■ **Problem to work on**
Once you find the line containing "set \<Rightarrow> 'a" in the data below, copy it and each following line exactly, up to and including the line containing "sym \<Rightarrow> ('n, 't)", and nothing else.

■ **Data records**
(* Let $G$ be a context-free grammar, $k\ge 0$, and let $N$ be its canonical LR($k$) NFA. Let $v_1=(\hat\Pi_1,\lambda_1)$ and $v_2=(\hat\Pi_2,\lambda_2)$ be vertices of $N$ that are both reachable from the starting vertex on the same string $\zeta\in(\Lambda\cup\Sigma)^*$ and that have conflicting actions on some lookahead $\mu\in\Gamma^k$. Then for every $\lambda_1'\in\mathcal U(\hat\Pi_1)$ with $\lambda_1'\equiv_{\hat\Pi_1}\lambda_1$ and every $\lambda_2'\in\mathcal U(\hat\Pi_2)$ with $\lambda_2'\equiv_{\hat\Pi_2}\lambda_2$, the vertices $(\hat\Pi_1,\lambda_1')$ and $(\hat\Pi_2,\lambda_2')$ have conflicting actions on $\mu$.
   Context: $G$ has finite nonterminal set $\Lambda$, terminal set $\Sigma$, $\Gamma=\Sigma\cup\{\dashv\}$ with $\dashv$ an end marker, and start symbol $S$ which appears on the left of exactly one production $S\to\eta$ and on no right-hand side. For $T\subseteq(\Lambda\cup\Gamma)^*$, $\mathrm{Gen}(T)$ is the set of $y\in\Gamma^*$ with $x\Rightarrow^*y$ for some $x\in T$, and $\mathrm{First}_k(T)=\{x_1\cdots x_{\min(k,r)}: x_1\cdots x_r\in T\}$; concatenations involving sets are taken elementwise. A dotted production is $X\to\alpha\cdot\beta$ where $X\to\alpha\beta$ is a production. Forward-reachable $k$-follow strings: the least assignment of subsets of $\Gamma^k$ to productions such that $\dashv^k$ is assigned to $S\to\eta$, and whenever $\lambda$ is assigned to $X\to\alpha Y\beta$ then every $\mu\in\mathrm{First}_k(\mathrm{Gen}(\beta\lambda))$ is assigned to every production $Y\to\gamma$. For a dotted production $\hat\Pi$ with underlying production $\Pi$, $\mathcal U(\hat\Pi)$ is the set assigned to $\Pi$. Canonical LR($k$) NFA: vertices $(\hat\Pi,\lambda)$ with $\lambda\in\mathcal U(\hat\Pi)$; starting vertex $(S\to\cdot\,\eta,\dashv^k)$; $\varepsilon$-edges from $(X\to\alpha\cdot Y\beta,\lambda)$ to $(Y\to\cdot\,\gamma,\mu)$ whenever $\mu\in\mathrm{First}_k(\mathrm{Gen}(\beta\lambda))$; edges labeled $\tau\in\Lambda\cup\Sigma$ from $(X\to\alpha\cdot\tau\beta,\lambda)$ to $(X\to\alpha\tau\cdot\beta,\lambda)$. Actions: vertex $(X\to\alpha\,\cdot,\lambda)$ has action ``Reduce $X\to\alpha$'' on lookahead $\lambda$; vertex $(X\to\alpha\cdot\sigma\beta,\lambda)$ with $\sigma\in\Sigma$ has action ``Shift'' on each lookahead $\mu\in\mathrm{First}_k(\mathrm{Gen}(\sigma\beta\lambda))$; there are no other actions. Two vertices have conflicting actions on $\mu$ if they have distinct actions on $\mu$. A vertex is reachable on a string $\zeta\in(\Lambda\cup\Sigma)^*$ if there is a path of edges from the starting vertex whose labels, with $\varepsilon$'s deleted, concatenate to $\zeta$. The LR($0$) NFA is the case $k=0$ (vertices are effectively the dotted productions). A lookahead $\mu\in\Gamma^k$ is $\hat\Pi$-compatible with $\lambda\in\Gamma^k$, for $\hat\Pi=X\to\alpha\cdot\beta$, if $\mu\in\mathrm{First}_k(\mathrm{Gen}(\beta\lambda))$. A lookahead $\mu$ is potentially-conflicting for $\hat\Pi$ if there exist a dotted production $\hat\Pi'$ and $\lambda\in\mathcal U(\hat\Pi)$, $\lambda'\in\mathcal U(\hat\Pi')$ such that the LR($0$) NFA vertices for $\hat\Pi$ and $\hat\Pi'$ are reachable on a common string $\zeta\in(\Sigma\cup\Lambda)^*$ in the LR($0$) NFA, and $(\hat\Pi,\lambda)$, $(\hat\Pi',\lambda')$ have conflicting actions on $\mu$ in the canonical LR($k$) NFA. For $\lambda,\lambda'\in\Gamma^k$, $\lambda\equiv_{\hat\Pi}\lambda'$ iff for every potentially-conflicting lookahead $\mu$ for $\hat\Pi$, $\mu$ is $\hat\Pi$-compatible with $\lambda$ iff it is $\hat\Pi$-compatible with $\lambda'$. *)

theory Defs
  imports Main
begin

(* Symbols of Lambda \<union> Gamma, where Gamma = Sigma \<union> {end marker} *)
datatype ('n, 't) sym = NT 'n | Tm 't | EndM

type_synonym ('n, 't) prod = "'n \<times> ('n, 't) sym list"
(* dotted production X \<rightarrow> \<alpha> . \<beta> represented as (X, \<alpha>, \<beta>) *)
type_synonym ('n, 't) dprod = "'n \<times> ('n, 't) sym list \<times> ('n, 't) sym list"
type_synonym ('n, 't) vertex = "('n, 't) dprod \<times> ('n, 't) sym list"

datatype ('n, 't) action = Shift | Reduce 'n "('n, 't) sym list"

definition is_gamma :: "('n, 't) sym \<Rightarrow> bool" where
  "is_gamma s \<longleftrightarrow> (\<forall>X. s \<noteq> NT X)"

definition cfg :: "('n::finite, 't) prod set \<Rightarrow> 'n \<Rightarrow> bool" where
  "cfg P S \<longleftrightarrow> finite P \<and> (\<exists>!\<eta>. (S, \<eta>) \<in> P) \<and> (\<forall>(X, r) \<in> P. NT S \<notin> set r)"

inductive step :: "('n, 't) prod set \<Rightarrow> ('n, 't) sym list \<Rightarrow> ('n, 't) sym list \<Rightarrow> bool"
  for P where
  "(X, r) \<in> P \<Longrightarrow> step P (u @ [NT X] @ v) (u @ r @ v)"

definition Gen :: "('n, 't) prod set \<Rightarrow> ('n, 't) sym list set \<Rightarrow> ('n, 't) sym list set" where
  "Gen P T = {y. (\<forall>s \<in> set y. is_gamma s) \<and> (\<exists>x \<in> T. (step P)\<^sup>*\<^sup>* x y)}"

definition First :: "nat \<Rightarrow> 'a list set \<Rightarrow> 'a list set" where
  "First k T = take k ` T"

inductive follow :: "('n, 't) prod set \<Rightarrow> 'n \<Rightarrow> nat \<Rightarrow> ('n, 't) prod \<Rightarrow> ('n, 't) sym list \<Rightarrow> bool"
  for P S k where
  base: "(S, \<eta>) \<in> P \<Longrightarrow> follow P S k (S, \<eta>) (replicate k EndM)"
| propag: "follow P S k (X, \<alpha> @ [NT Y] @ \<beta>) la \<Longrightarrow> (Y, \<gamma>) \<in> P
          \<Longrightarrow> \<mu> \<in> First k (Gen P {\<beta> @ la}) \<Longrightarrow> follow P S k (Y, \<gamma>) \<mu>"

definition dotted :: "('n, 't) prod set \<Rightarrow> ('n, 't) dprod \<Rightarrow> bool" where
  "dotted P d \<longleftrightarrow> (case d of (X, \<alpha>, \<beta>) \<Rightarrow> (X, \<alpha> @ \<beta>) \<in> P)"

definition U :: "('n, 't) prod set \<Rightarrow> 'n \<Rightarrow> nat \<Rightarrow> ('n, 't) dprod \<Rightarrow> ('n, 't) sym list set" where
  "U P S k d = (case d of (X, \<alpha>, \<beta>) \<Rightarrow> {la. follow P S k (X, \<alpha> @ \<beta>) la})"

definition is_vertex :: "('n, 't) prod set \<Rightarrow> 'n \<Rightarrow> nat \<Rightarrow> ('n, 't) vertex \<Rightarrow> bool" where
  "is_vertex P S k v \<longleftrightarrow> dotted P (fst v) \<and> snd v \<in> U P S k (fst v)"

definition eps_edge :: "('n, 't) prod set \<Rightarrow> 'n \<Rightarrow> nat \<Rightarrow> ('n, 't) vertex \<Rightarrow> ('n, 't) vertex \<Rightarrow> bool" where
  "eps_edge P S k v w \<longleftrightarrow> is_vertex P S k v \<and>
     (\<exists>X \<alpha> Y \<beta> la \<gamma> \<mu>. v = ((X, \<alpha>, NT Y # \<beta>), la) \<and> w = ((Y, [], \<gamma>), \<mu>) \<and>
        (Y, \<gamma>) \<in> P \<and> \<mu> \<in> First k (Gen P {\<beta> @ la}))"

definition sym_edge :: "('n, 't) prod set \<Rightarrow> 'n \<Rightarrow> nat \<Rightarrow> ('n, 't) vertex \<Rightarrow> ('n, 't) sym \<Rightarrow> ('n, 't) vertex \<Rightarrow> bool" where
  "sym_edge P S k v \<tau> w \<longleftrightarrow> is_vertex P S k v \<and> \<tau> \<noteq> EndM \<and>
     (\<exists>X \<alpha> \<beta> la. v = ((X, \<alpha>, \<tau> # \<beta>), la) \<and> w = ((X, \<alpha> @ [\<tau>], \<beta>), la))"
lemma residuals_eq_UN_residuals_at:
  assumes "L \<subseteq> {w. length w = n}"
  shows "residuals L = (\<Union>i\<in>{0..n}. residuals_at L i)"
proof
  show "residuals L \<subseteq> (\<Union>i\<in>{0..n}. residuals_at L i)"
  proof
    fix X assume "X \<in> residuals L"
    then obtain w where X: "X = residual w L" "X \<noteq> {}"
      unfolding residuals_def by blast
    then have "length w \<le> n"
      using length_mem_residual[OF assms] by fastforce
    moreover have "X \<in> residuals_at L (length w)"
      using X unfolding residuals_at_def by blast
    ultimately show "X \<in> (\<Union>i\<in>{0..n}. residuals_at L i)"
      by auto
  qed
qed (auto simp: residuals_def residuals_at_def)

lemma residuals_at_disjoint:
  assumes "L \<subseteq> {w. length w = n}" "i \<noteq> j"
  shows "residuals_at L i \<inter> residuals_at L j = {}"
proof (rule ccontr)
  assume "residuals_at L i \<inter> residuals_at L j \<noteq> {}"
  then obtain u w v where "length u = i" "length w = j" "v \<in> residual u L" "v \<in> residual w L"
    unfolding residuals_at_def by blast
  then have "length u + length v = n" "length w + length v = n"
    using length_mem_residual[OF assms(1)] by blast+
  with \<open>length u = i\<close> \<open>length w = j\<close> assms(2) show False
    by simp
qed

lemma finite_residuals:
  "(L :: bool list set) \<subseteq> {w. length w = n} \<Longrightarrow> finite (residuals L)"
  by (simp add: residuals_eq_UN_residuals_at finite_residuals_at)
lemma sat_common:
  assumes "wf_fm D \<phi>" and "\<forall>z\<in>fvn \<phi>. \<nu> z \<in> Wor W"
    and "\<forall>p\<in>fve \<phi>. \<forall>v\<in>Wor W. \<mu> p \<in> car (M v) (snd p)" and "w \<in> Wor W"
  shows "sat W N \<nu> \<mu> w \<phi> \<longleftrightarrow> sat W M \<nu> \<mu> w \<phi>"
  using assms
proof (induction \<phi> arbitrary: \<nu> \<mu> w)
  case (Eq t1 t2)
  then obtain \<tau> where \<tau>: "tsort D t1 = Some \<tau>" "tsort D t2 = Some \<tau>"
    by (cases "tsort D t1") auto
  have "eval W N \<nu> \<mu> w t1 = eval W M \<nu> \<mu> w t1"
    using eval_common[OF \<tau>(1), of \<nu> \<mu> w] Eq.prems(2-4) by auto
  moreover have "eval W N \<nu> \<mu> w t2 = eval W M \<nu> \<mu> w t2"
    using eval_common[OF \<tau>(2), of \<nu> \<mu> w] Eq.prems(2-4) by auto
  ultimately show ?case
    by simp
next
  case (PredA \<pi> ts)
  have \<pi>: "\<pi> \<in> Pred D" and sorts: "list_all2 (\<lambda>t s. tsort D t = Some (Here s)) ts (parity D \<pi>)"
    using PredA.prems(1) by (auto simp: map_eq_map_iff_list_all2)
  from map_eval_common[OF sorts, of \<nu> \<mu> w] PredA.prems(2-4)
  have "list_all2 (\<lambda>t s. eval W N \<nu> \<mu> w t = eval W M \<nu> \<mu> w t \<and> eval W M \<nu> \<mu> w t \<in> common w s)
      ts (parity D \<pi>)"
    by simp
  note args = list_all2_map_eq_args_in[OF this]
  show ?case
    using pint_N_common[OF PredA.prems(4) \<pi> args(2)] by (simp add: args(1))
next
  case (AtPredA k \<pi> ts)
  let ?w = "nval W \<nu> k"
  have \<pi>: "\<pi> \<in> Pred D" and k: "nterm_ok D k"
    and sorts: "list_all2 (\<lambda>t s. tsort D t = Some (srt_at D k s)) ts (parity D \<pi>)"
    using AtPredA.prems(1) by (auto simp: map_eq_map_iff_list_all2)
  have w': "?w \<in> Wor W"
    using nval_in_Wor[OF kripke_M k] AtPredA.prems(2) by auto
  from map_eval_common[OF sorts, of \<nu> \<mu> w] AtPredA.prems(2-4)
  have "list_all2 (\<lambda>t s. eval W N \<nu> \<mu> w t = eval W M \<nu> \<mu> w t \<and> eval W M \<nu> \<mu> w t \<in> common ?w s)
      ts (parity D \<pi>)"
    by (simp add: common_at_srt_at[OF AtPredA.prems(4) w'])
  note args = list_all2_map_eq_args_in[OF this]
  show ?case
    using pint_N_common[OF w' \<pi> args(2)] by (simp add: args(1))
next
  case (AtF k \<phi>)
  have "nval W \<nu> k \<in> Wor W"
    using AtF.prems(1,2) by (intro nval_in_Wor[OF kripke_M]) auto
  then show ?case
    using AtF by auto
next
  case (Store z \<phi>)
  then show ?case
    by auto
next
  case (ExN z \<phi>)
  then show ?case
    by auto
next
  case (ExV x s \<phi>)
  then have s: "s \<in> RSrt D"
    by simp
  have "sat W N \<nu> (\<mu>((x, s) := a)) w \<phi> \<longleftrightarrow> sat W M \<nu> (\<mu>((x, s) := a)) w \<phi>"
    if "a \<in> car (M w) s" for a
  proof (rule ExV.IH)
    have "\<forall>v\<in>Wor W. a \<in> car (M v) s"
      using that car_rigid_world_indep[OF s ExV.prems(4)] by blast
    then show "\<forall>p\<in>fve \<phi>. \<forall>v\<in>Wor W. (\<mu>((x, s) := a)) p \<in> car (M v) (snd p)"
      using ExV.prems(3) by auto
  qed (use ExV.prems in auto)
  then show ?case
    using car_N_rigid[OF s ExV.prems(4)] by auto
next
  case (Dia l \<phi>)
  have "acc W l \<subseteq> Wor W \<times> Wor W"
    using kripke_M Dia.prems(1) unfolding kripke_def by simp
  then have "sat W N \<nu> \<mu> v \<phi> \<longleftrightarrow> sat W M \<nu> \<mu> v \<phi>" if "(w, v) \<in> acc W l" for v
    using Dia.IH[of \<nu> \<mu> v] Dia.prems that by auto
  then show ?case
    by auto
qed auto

■ **Answer for this exercise**
definition First :: "nat \<Rightarrow> 'a list set \<Rightarrow> 'a list set" where
  "First k T = take k ` T"

inductive follow :: "('n, 't) prod set \<Rightarrow> 'n \<Rightarrow> nat \<Rightarrow> ('n, 't) prod \<Rightarrow> ('n, 't) sym list \<Rightarrow> bool"
  for P S k where
  base: "(S, \<eta>) \<in> P \<Longrightarrow> follow P S k (S, \<eta>) (replicate k EndM)"
| propag: "follow P S k (X, \<alpha> @ [NT Y] @ \<beta>) la \<Longrightarrow> (Y, \<gamma>) \<in> P
          \<Longrightarrow> \<mu> \<in> First k (Gen P {\<beta> @ la}) \<Longrightarrow> follow P S k (Y, \<gamma>) \<mu>"

definition dotted :: "('n, 't) prod set \<Rightarrow> ('n, 't) dprod \<Rightarrow> bool" where
  "dotted P d \<longleftrightarrow> (case d of (X, \<alpha>, \<beta>) \<Rightarrow> (X, \<alpha> @ \<beta>) \<in> P)"

definition U :: "('n, 't) prod set \<Rightarrow> 'n \<Rightarrow> nat \<Rightarrow> ('n, 't) dprod \<Rightarrow> ('n, 't) sym list set" where
  "U P S k d = (case d of (X, \<alpha>, \<beta>) \<Rightarrow> {la. follow P S k (X, \<alpha> @ \<beta>) la})"

definition is_vertex :: "('n, 't) prod set \<Rightarrow> 'n \<Rightarrow> nat \<Rightarrow> ('n, 't) vertex \<Rightarrow> bool" where
  "is_vertex P S k v \<longleftrightarrow> dotted P (fst v) \<and> snd v \<in> U P S k (fst v)"

definition eps_edge :: "('n, 't) prod set \<Rightarrow> 'n \<Rightarrow> nat \<Rightarrow> ('n, 't) vertex \<Rightarrow> ('n, 't) vertex \<Rightarrow> bool" where
  "eps_edge P S k v w \<longleftrightarrow> is_vertex P S k v \<and>
     (\<exists>X \<alpha> Y \<beta> la \<gamma> \<mu>. v = ((X, \<alpha>, NT Y # \<beta>), la) \<and> w = ((Y, [], \<gamma>), \<mu>) \<and>
        (Y, \<gamma>) \<in> P \<and> \<mu> \<in> First k (Gen P {\<beta> @ la}))"

definition sym_edge :: "('n, 't) prod set \<Rightarrow> 'n \<Rightarrow> nat \<Rightarrow> ('n, 't) vertex \<Rightarrow> ('n, 't) sym \<Rightarrow> ('n, 't) vertex \<Rightarrow> bool" where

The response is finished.